For this exercise, transcribe all of the records exactly as given.
(GIVEN ENTRIES Opens)
(* Let $d\ge1$ and $n>2$ be integers. Then $\mathcal U(H(d,n))$ is the groupoid with one object $\ast$ and only the identity morphism $\mathrm{id}_\ast$, and $\varpi(H(d,n))$ is the trivial morphism-colored functor (sending every object to $\ast$, every morphism to $\mathrm{id}_\ast$, every color $a\in\{0,\dots,d\}$ to $\mathrm{id}_\ast$). Consequently, for every category $\mathcal C$, every morphism-colored functor from $H(d,n)$ to the discrete morphism-colored category $(\mathcal C,\mathrm{id})$ factors (uniquely) through this trivial morphism-colored functor; and for all integers $d,d'\ge1$ and $n,n'>2$ there is a one-to-one correspondence between morphism-colored functors $H(d,n)\to(\mathcal C,\mathrm{id})$ and morphism-colored functors $H(d',n')\to(\mathcal C,\mathrm{id})$.
   Context: A morphism-colored category is a pair $(\mathcal C,\lambda)$ where $\mathcal C$ is a category and $\lambda$ assigns to each morphism $f$ a color $\lambda(f)$, such that whenever $\lambda(g)=\lambda(f_1\circ f_2)$ there exist composable $g_1,g_2$ with $g=g_1\circ g_2$, $\lambda(g_i)=\lambda(f_i)$. $(\mathcal C,\mathrm{id})$ (each morphism colored by itself) is the discrete morphism-colored category. A morphism-colored functor $(F,\gamma):(\mathcal C,\lambda)\to(\mathcal C',\lambda')$ is a functor $F$ with a map $\gamma$ on colors such that $\gamma(\lambda(f))=\lambda'(F(f))$ for all morphisms $f$; composition is componentwise. For a small morphism-colored groupoid $(\mathcal G,\lambda)$ with $\lambda(f)=\lambda(g)\Rightarrow\lambda(f^{-1})=\lambda(g^{-1})$: $I_1=\lambda(\mathrm{Mor}\,\mathcal G)$, $\lambda_1$ the corestriction; $I_0=\{\lambda(\mathrm{id}_x)\}$, $\lambda_0(x)=\lambda(\mathrm{id}_x)$; $\overset{1}{\sim}$ on $I_1$ relates $\lambda(f_1\circ\cdots\circ f_l)$ and $\lambda(g_1\circ\cdots\circ g_l)$ for composable sequences with $\lambda(f_i)=\lambda(g_i)$ for all $i$ (an equivalence relation), with quotient $s_1:I_1\to\bar I_1$; $\overset{0}{\sim}$ on $I_0$ relates $\lambda_0(\mathrm{source} f)$, $\lambda_0(\mathrm{source} g)$ whenever $s_1\lambda_1(f)=s_1\lambda_1(g)$, with quotient $s_0:I_0\to\bar I_0$. $\mathcal U(\mathcal G,\lambda)$ is the groupoid with objects $\bar I_0$, morphisms $\bar I_1$, source/target of $s_1\lambda_1(f)$ being $s_0\lambda_0$ of source/target of $f$, composition $s_1\lambda_1(f)\circ s_1\lambda_1(g)=s_1\lambda_1(f\circ g)$; $\bar\lambda:\mathcal G\to\mathcal U(\mathcal G,\lambda)$ is $x\mapsto s_0\lambda_0(x)$, $f\mapsto s_1\lambda_1(f)$, and $\varpi(\mathcal G,\lambda)=(\bar\lambda,s_1)$. Hamming schemoid: let $G=(\mathbb Z/n\mathbb Z)^d$ and $w(x)=\#\{i:x_i\neq0\}$ the Hamming weight. $G/\!/G$ is the action groupoid: objects $G$, morphisms $G\times G$, where $(g,x)$ has source $x$ and target $g+x$, composition $(h,g+x)\circ(g,x)=(h+g,x)$, identity $\mathrm{id}_x=(0,x)$, inverse $(g,x)^{-1}=(-g,g+x)$. Let $\pi(g,x)=g$. Then $H(d,n)=(G/\!/G,\,w\circ\pi)$, a morphism-colored groupoid with colors in $\{0,\dots,d\}$ satisfying $w\circ\pi(f)=w\circ\pi(g)\Rightarrow w\circ\pi(f^{-1})=w\circ\pi(g^{-1})$. *)

theory Defs
  imports "HOL-Library.FuncSet"
begin

record ('o,'m) category =
  Ob  :: "'o set"
  Ar  :: "'m set"
  src :: "'m \<Rightarrow> 'o"
  tgt :: "'m \<Rightarrow> 'o"
  cmp :: "'m \<Rightarrow> 'm \<Rightarrow> 'm"   (* cmp C g f = g \<circ> f, defined when src g = tgt f *)
  ide :: "'o \<Rightarrow> 'm"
(GIVEN ENTRIES Closes)
## COMPLETED TASK
(* Let $d\ge1$ and $n>2$ be integers. Then $\mathcal U(H(d,n))$ is the groupoid with one object $\ast$ and only the identity morphism $\mathrm{id}_\ast$, and $\varpi(H(d,n))$ is the trivial morphism-colored functor (sending every object to $\ast$, every morphism to $\mathrm{id}_\ast$, every color $a\in\{0,\dots,d\}$ to $\mathrm{id}_\ast$). Consequently, for every category $\mathcal C$, every morphism-colored functor from $H(d,n)$ to the discrete morphism-colored category $(\mathcal C,\mathrm{id})$ factors (uniquely) through this trivial morphism-colored functor; and for all integers $d,d'\ge1$ and $n,n'>2$ there is a one-to-one correspondence between morphism-colored functors $H(d,n)\to(\mathcal C,\mathrm{id})$ and morphism-colored functors $H(d',n')\to(\mathcal C,\mathrm{id})$.
   Context: A morphism-colored category is a pair $(\mathcal C,\lambda)$ where $\mathcal C$ is a category and $\lambda$ assigns to each morphism $f$ a color $\lambda(f)$, such that whenever $\lambda(g)=\lambda(f_1\circ f_2)$ there exist composable $g_1,g_2$ with $g=g_1\circ g_2$, $\lambda(g_i)=\lambda(f_i)$. $(\mathcal C,\mathrm{id})$ (each morphism colored by itself) is the discrete morphism-colored category. A morphism-colored functor $(F,\gamma):(\mathcal C,\lambda)\to(\mathcal C',\lambda')$ is a functor $F$ with a map $\gamma$ on colors such that $\gamma(\lambda(f))=\lambda'(F(f))$ for all morphisms $f$; composition is componentwise. For a small morphism-colored groupoid $(\mathcal G,\lambda)$ with $\lambda(f)=\lambda(g)\Rightarrow\lambda(f^{-1})=\lambda(g^{-1})$: $I_1=\lambda(\mathrm{Mor}\,\mathcal G)$, $\lambda_1$ the corestriction; $I_0=\{\lambda(\mathrm{id}_x)\}$, $\lambda_0(x)=\lambda(\mathrm{id}_x)$; $\overset{1}{\sim}$ on $I_1$ relates $\lambda(f_1\circ\cdots\circ f_l)$ and $\lambda(g_1\circ\cdots\circ g_l)$ for composable sequences with $\lambda(f_i)=\lambda(g_i)$ for all $i$ (an equivalence relation), with quotient $s_1:I_1\to\bar I_1$; $\overset{0}{\sim}$ on $I_0$ relates $\lambda_0(\mathrm{source} f)$, $\lambda_0(\mathrm{source} g)$ whenever $s_1\lambda_1(f)=s_1\lambda_1(g)$, with quotient $s_0:I_0\to\bar I_0$. $\mathcal U(\mathcal G,\lambda)$ is the groupoid with objects $\bar I_0$, morphisms $\bar I_1$, source/target of $s_1\lambda_1(f)$ being $s_0\lambda_0$ of source/target of $f$, composition $s_1\lambda_1(f)\circ s_1\lambda_1(g)=s_1\lambda_1(f\circ g)$; $\bar\lambda:\mathcal G\to\mathcal U(\mathcal G,\lambda)$ is $x\mapsto s_0\lambda_0(x)$, $f\mapsto s_1\lambda_1(f)$, and $\varpi(\mathcal G,\lambda)=(\bar\lambda,s_1)$. Hamming schemoid: let $G=(\mathbb Z/n\mathbb Z)^d$ and $w(x)=\#\{i:x_i\neq0\}$ the Hamming weight. $G/\!/G$ is the action groupoid: objects $G$, morphisms $G\times G$, where $(g,x)$ has source $x$ and target $g+x$, composition $(h,g+x)\circ(g,x)=(h+g,x)$, identity $\mathrm{id}_x=(0,x)$, inverse $(g,x)^{-1}=(-g,g+x)$. Let $\pi(g,x)=g$. Then $H(d,n)=(G/\!/G,\,w\circ\pi)$, a morphism-colored groupoid with colors in $\{0,\dots,d\}$ satisfying $w\circ\pi(f)=w\circ\pi(g)\Rightarrow w\circ\pi(f^{-1})=w\circ\pi(g^{-1})$. *)

theory Defs
  imports "HOL-Library.FuncSet"
begin

record ('o,'m) category =
  Ob  :: "'o set"
  Ar  :: "'m set"
  src :: "'m \<Rightarrow> 'o"
  tgt :: "'m \<Rightarrow> 'o"
  cmp :: "'m \<Rightarrow> 'm \<Rightarrow> 'm"   (* cmp C g f = g \<circ> f, defined when src g = tgt f *)
  ide :: "'o \<Rightarrow> 'm"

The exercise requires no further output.